A flood plain is defined as an area that has a one percent probability of being flooded in any given year. The FEMA flood plain map for Bridgeville indicates that all the houses on Baldwin Street and McLaughlin Run Road are in this category. Anyone familiar with this area is well acquainted with the problem of flooding from McLaughlin Run. The earliest recorded flood was in late July,1874, when a downpour produced ten fatalities. The replacement of farms and woodlots by non-permeable buildings and streets, without adequate detention capability, has aggravated the problem significantly.

We have had Senior Design Project teams at Pitt study McLaughlin Run on two separate occasions. They easily confirmed that the existing channel was inadequate to transfer storm-water runoff from the FEMA design storm without flooding. Their recommendations included installation of detention ponds upstream (in Upper St. Clair Township), installing trash racks to limit debris transport, adding retaining walls to increase the stream bed cross section, and replacing the Bower Hill Road and Commercial Street bridges.

Part of this has occurred. McLaughlin Park has been converted into a small detention pond and trash racks put in place. There are plans to add retaining walls and to replace the bridges. The net effect of all these improvements is a minor reduction in the flood plain area; most of the properties are still included. It is not clear how the seven properties that have been condemned and demolished were selected; perhaps they have already suffered extensive damage from flooding. At any rate, their removal has produced seven interesting vacant lots.
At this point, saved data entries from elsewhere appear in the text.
(* Let $(X,\rho,\mu)$ be a space of homogeneous type with infinitely many points. Then precisely one of the following holds: (1) $\mu(X)<\infty$; (2) $X$ is countably infinite and there is $\delta>0$ with $\mu(\{x\})\ge\delta$ for all $x\in X$; (3) the measures $\mu(B)$ of balls $B\subseteq X$ take arbitrarily small and arbitrarily large values (i.e. $\inf_B\mu(B)=0$ and $\sup_B\mu(B)=\infty$).
   Context: A space of homogeneous type $(X,\rho,\mu)$: $\rho$ is a quasi-metric on $X$, i.e. it satisfies the axioms of a metric except that the triangle inequality is replaced by $\rho(x,y)\le A_0(\rho(x,z)+\rho(z,y))$ for some constant $A_0\ge 1$; balls are $B(x,r)=\{y\in X:\rho(x,y)<r\}$; $\mu$ is a positive Borel measure defined on a $\sigma$-algebra containing the balls, with the doubling property: there is $C\ge1$ such that $0<\mu(B(x,2r))\le C\mu(B(x,r))<\infty$ for all $x\in X$, $r>0$. *)

theory Defs
  imports "HOL-Analysis.Analysis"
begin

definition quasi_metric :: "'a set \<Rightarrow> ('a \<Rightarrow> 'a \<Rightarrow> real) \<Rightarrow> real \<Rightarrow> bool" where
  "quasi_metric X rho A0 \<longleftrightarrow> A0 \<ge> 1 \<and>
     (\<forall>x\<in>X. \<forall>y\<in>X. rho x y \<ge> 0 \<and> (rho x y = 0 \<longleftrightarrow> x = y) \<and> rho x y = rho y x) \<and>
     (\<forall>x\<in>X. \<forall>y\<in>X. \<forall>z\<in>X. rho x y \<le> A0 * (rho x z + rho z y))"

definition qball :: "'a set \<Rightarrow> ('a \<Rightarrow> 'a \<Rightarrow> real) \<Rightarrow> 'a \<Rightarrow> real \<Rightarrow> 'a set" where
  "qball X rho x r = {y\<in>X. rho x y < r}"

definition homogeneous_type :: "'a set \<Rightarrow> ('a \<Rightarrow> 'a \<Rightarrow> real) \<Rightarrow> 'a measure \<Rightarrow> bool" where
  "homogeneous_type X rho M \<longleftrightarrow>
     (\<exists>A0. quasi_metric X rho A0) \<and> space M = X \<and>
     (\<forall>x\<in>X. \<forall>r. qball X rho x r \<in> sets M) \<and>
     (\<exists>C\<ge>1. \<forall>x\<in>X. \<forall>r>0.
        0 < emeasure M (qball X rho x (2*r)) \<and>
        emeasure M (qball X rho x (2*r)) \<le> ennreal C * emeasure M (qball X rho x r) \<and>
        emeasure M (qball X rho x r) < \<infinity>)"

end

theory Submission
  imports Defs
begin

(*
  Write S for the set of measures of balls of positive radius.
  Two exact formulas for its extremal values are proved first:
    Sup S = mu(X)                 (X is the increasing union of balls around a point),
    Inf S = inf_{x in X} mu({x})  (each singleton is the decreasing intersection of
                                   balls around it, all of finite measure).
  A counting lemma shows that a set of finite measure whose points all carry
  mass at least d > 0 is finite; when the point masses are uniformly bounded below,
  applied to balls it makes X countable, and applied to X itself it makes X finite
  if mu(X) < oo.  With these facts the three
  alternatives read: (1) mu(X) < oo, (2) X countable and inf mu({x}) > 0,
  (3) inf mu({x}) = 0 and mu(X) = oo.  Their mutual exclusion uses that X is
  infinite, and one of them holds because if (1) and (3) fail the infimum of the
  point masses is a positive real number, which gives (2).
*)

text \<open>A set of finite measure in which every point has mass at least \<open>d > 0\<close>
  contains at most \<open>\<mu>(A)/d\<close> points; in particular it is finite.\<close>
lemma finite_if_uniform_point_mass:
  assumes A: "A \<in> sets M" and fin: "emeasure M A < \<infinity>" and d: "d > 0"
    and sing: "\<And>y. y \<in> A \<Longrightarrow> {y} \<in> sets M \<and> emeasure M {y} \<ge> ennreal d"
  shows "finite A"
proof (rule ccontr)
  assume inf: "infinite A"
  obtain c where c: "emeasure M A = ennreal c" "c \<ge> 0"
    using fin by (cases "emeasure M A") auto
  define k where "k = nat (ceiling (c / d)) + 1"
  have kgt: "real k * d > c"
  proof -
    have "c / d < real k" unfolding k_def by linarith
    thus ?thesis using d by (simp add: field_simps)
  qed
  obtain F where F: "finite F" "card F = k" "F \<subseteq> A"
    using infinite_arbitrarily_large[OF inf] by blast
  have Fs: "\<And>x. x \<in> F \<Longrightarrow> {x} \<in> sets M" using F sing by blast
  have "ennreal (real k * d) = (\<Sum>x\<in>F. ennreal d)"
    using F d by (simp add: ennreal_mult' ennreal_of_nat_eq_real_of_nat)
  also have "\<dots> \<le> (\<Sum>x\<in>F. emeasure M {x})"
    by (rule sum_mono) (use F sing in blast)
  also have "\<dots> = emeasure M F" using emeasure_eq_sum_singleton[OF F(1) Fs] by simp
  also have "\<dots> \<le> emeasure M A" using F(3) A by (rule emeasure_mono)
  also have "\<dots> = ennreal c" by (rule c)
  finally have "real k * d \<le> c" using c by (simp add: ennreal_le_iff)
  thus False using kgt by linarith
qed

lemma homogeneous_typeD:
  assumes "homogeneous_type X rho M"
  shows "\<exists>A0. quasi_metric X rho A0" and "space M = X"
    and "\<And>x r. x \<in> X \<Longrightarrow> qball X rho x r \<in> sets M"
    and "\<And>x r. x \<in> X \<Longrightarrow> r > 0 \<Longrightarrow> emeasure M (qball X rho x r) < \<infinity>"
  using assms unfolding homogeneous_type_def by blast+

lemma qball_centre:
  assumes "quasi_metric X rho A0" and "x \<in> X" and "r > 0"
  shows "x \<in> qball X rho x r"
proof -
  have "rho x x = 0" using assms(1,2) unfolding quasi_metric_def by blast
  thus ?thesis using assms(2,3) unfolding qball_def by simp
qed

lemma singleton_eq_INT_qball:
  assumes qm: "quasi_metric X rho A0" and x: "x \<in> X"
  shows "{x} = (\<Inter>n. qball X rho x (1 / Suc n))"
proof
  show "{x} \<subseteq> (\<Inter>n. qball X rho x (1 / Suc n))"
    using qball_centre[OF qm x] by auto
  show "(\<Inter>n. qball X rho x (1 / Suc n)) \<subseteq> {x}"
  proof
    fix y assume "y \<in> (\<Inter>n. qball X rho x (1 / Suc n))"
    hence y: "y \<in> X" and small: "\<And>n. rho x y < 1 / Suc n" unfolding qball_def by auto
    have "\<not> rho x y > 0"
    proof
      assume "rho x y > 0"
      then obtain n where "1 / Suc n < rho x y"
        using nat_approx_posE by (metis of_nat_Suc)
      thus False using small[of n] by simp
    qed
    moreover have "rho x y \<ge> 0 \<and> (rho x y = 0 \<longleftrightarrow> x = y)"
      using qm x y unfolding quasi_metric_def by blast
    ultimately show "y \<in> {x}" by auto
  qed
qed

lemma emeasure_singleton_eq_INF_qball:
  assumes hom: "homogeneous_type X rho M" and x: "x \<in> X"
  shows "{x} \<in> sets M"
    and "emeasure M {x} = (INF n. emeasure M (qball X rho x (1 / Suc n)))"
proof -
  obtain A0 where qm: "quasi_metric X rho A0" using homogeneous_typeD(1)[OF hom] by blast
  have balls: "\<And>n. qball X rho x (1 / Suc n) \<in> sets M"
    using homogeneous_typeD(3)[OF hom x] by blast
  show "{x} \<in> sets M"
    unfolding singleton_eq_INT_qball[OF qm x] using balls by (intro sets.countable_INT) auto
  have "(INF n. emeasure M (qball X rho x (1 / Suc n)))
        = emeasure M (\<Inter>n. qball X rho x (1 / Suc n))"
  proof (rule INF_emeasure_decseq')
    show "decseq (\<lambda>n. qball X rho x (1 / real (Suc n)))"
      unfolding decseq_def qball_def by (auto intro: less_le_trans[OF _ frac_le[of 1]])
    show "\<exists>n. emeasure M (qball X rho x (1 / real (Suc n))) \<noteq> \<infinity>"
      using homogeneous_typeD(4)[OF hom x, of 1] by (intro exI[of _ 0]) auto
  qed (use balls in auto)
  thus "emeasure M {x} = (INF n. emeasure M (qball X rho x (1 / Suc n)))"
    using singleton_eq_INT_qball[OF qm x] by simp
qed

lemma UN_qball_eq_space:
  assumes "x0 \<in> X"
  shows "(\<Union>n. qball X rho x0 (Suc n)) = X"
proof
  show "(\<Union>n. qball X rho x0 (Suc n)) \<subseteq> X" unfolding qball_def by auto
  show "X \<subseteq> (\<Union>n. qball X rho x0 (Suc n))"
  proof
    fix y assume y: "y \<in> X"
    obtain n where "rho x0 y < real n" using reals_Archimedean2 by blast
    hence "y \<in> qball X rho x0 (Suc n)" using y unfolding qball_def by simp
    thus "y \<in> (\<Union>n. qball X rho x0 (Suc n))" by blast
  qed
qed

definition ball_measures :: "'a set \<Rightarrow> ('a \<Rightarrow> 'a \<Rightarrow> real) \<Rightarrow> 'a measure \<Rightarrow> ennreal set" where
  "ball_measures X rho M = {emeasure M (qball X rho x r) | x r. x \<in> X \<and> r > 0}"

lemma ball_measuresI: "x \<in> X \<Longrightarrow> r > 0 \<Longrightarrow> emeasure M (qball X rho x r) \<in> ball_measures X rho M"
  unfolding ball_measures_def by blast

lemma Sup_ball_measures:
  assumes hom: "homogeneous_type X rho M" and x0: "x0 \<in> X"
  shows "Sup (ball_measures X rho M) = emeasure M X"
proof (rule antisym)
  have "X \<in> sets M" using homogeneous_typeD(2)[OF hom] sets.top by metis
  thus "Sup (ball_measures X rho M) \<le> emeasure M X"
    unfolding ball_measures_def by (auto intro!: Sup_least emeasure_mono simp: qball_def)
  have inc: "incseq (\<lambda>n. qball X rho x0 (Suc n))" unfolding incseq_def qball_def by auto
  have "emeasure M X = emeasure M (\<Union>n. qball X rho x0 (Suc n))"
    by (simp only: UN_qball_eq_space[OF x0])
  also have "\<dots> = (SUP n. emeasure M (qball X rho x0 (Suc n)))"
    by (rule SUP_emeasure_incseq[symmetric]) (use homogeneous_typeD(3)[OF hom x0] inc in auto)
  also have "\<dots> \<le> Sup (ball_measures X rho M)"
    by (intro SUP_least Sup_upper ball_measuresI x0) simp
  finally show "emeasure M X \<le> Sup (ball_measures X rho M)" .
qed

lemma Inf_ball_measures:
  assumes hom: "homogeneous_type X rho M"
  shows "Inf (ball_measures X rho M) = (INF x\<in>X. emeasure M {x})"
proof (rule antisym)
  show "Inf (ball_measures X rho M) \<le> (INF x\<in>X. emeasure M {x})"
  proof (rule INF_greatest)
    fix x assume x: "x \<in> X"
    show "Inf (ball_measures X rho M) \<le> emeasure M {x}"
      unfolding emeasure_singleton_eq_INF_qball(2)[OF hom x]
      by (intro INF_greatest Inf_lower ball_measuresI x) simp
  qed
  obtain A0 where qm: "quasi_metric X rho A0" using homogeneous_typeD(1)[OF hom] by blast
  show "(INF x\<in>X. emeasure M {x}) \<le> Inf (ball_measures X rho M)"
    unfolding ball_measures_def
  proof (rule Inf_greatest, clarify)
    fix x r assume x: "x \<in> X" and r: "(r::real) > 0"
    have "emeasure M {x} \<le> emeasure M (qball X rho x r)"
      using qball_centre[OF qm x r] homogeneous_typeD(3)[OF hom x] by (intro emeasure_mono) auto
    thus "(INF x\<in>X. emeasure M {x}) \<le> emeasure M (qball X rho x r)"
      using x by (meson INF_lower order.trans)
  qed
qed

text \<open>If all point masses are at least \<open>d > 0\<close>, every ball is finite, so the
  space, a countable union of balls, is countable.\<close>
lemma countable_if_uniform_point_mass:
  assumes hom: "homogeneous_type X rho M" and d: "d > 0"
    and mass: "\<And>x. x \<in> X \<Longrightarrow> emeasure M {x} \<ge> ennreal d"
  shows "countable X"
proof (cases "X = {}")
  case False
  then obtain x0 where x0: "x0 \<in> X" by blast
  have finite_balls: "finite (qball X rho x0 (Suc n))" for n
  proof (rule finite_if_uniform_point_mass[OF _ _ d])
    show "qball X rho x0 (Suc n) \<in> sets M" using homogeneous_typeD(3)[OF hom x0] .
    show "emeasure M (qball X rho x0 (Suc n)) < \<infinity>" using homogeneous_typeD(4)[OF hom x0] by simp
    show "\<And>y. y \<in> qball X rho x0 (Suc n) \<Longrightarrow> {y} \<in> sets M \<and> ennreal d \<le> emeasure M {y}"
      using emeasure_singleton_eq_INF_qball(1)[OF hom] mass unfolding qball_def by blast
  qed
  have "countable (\<Union>n. qball X rho x0 (Suc n))"
    by (rule countable_UN[OF countableI_type countable_finite[OF finite_balls]])
  thus "countable X" by (simp only: UN_qball_eq_space[OF x0])
qed simp

lemma finite_if_uniform_point_mass_finite_measure:
  assumes hom: "homogeneous_type X rho M" and d: "d > 0" and fin: "emeasure M X < \<infinity>"
    and mass: "\<And>x. x \<in> X \<Longrightarrow> emeasure M {x} \<ge> ennreal d"
  shows "finite X"
proof (rule finite_if_uniform_point_mass[OF _ fin d])
  show "X \<in> sets M" using homogeneous_typeD(2)[OF hom] sets.top by metis
  show "\<And>y. y \<in> X \<Longrightarrow> {y} \<in> sets M \<and> ennreal d \<le> emeasure M {y}"
    using emeasure_singleton_eq_INF_qball(1)[OF hom] mass by blast
qed

text \<open>Point masses are finite, being dominated by the measure of a ball.\<close>
lemma emeasure_singleton_finite:
  assumes hom: "homogeneous_type X rho M" and x: "x \<in> X"
  shows "emeasure M {x} < \<infinity>"
proof -
  obtain A0 where "quasi_metric X rho A0" using homogeneous_typeD(1)[OF hom] by blast
  hence "{x} \<subseteq> qball X rho x 1" using qball_centre[OF _ x] by simp
  hence "emeasure M {x} \<le> emeasure M (qball X rho x 1)"
    using homogeneous_typeD(3)[OF hom x] by (rule emeasure_mono)
  thus ?thesis using homogeneous_typeD(4)[OF hom x, of 1] by simp
qed

theorem lemma2p4:
  fixes X :: "'a set" and rho :: "'a \<Rightarrow> 'a \<Rightarrow> real" and M :: "'a measure"
  assumes "homogeneous_type X rho M"
    and "infinite X"
  defines "P1 \<equiv> emeasure M X < \<infinity>"
    and "P2 \<equiv> countable X \<and> (\<exists>\<delta>>0. \<forall>x\<in>X. emeasure M {x} \<ge> ennreal \<delta>)"
    and "P3 \<equiv> Inf {emeasure M (qball X rho x r) | x r. x \<in> X \<and> r > 0} = 0 \<and>
              Sup {emeasure M (qball X rho x r) | x r. x \<in> X \<and> r > 0} = \<infinity>"
  shows "(P1 \<or> P2 \<or> P3) \<and> \<not> (P1 \<and> P2) \<and> \<not> (P1 \<and> P3) \<and> \<not> (P2 \<and> P3)"
proof -
  note hom = assms(1)
  define m where "m = (INF x\<in>X. emeasure M {x})"
  obtain x0 where x0: "x0 \<in> X" using assms(2) by (metis finite.emptyI ex_in_conv)
  have P3_iff: "P3 \<longleftrightarrow> m = 0 \<and> emeasure M X = \<infinity>"
    unfolding P3_def m_def Inf_ball_measures[OF hom, symmetric]
      Sup_ball_measures[OF hom x0, symmetric] ball_measures_def ..
  have m_le: "\<And>x. x \<in> X \<Longrightarrow> m \<le> emeasure M {x}" unfolding m_def by (rule INF_lower)
  have m_ge: "\<And>\<delta>. \<forall>x\<in>X. emeasure M {x} \<ge> \<delta> \<Longrightarrow> \<delta> \<le> m" unfolding m_def by (rule INF_greatest) blast
  have m_finite: "m < \<infinity>" using m_le[OF x0] emeasure_singleton_finite[OF hom x0] by simp
  have not12: "\<not> (P1 \<and> P2)"
    using finite_if_uniform_point_mass_finite_measure[OF hom] assms(2) unfolding P1_def P2_def by blast
  have not23: "\<not> (P2 \<and> P3)"
  proof
    assume "P2 \<and> P3"
    then obtain \<delta> where "\<delta> > 0" "\<forall>x\<in>X. emeasure M {x} \<ge> ennreal \<delta>" "m = 0"
      unfolding P2_def P3_iff by blast
    thus False using m_ge[of "ennreal \<delta>"] by simp
  qed
  have "P2" if "\<not> P1" "\<not> P3"
  proof -
    have m_pos: "enn2real m > 0"
      using that m_finite unfolding P1_def P3_iff by (simp add: enn2real_positive_iff less_top zero_less_iff_neq_zero)
    have mass: "\<And>x. x \<in> X \<Longrightarrow> emeasure M {x} \<ge> ennreal (enn2real m)"
      using m_le m_finite by simp
    show P2 unfolding P2_def
      using countable_if_uniform_point_mass[OF hom m_pos mass] m_pos mass by blast
  qed
  moreover have not13: "\<not> (P1 \<and> P3)" unfolding P1_def P3_iff by (simp add: less_top)
  ultimately show ?thesis using not12 not23 by blast
qed

end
FEMA requires these properties be used as “green space”, but doesn’t precisely define the term. In general, it implies vegetation – grass and trees – and precludes parking lots and new buildings. It certainly would be nice if the borough created seven well-manicured parklets and were able to maintain them. I suspect the neighborhood could use a playground, but is that green space? What about an urban garden? A century ago there would have been no shortage of folks eager to put out a garden on available space.

Perhaps these questions are premature. After all, the Borough is deep into the process of producing a Comprehensive Plan. Surely the long-term future of the Baldwin Street neighborhood will be an important component in it.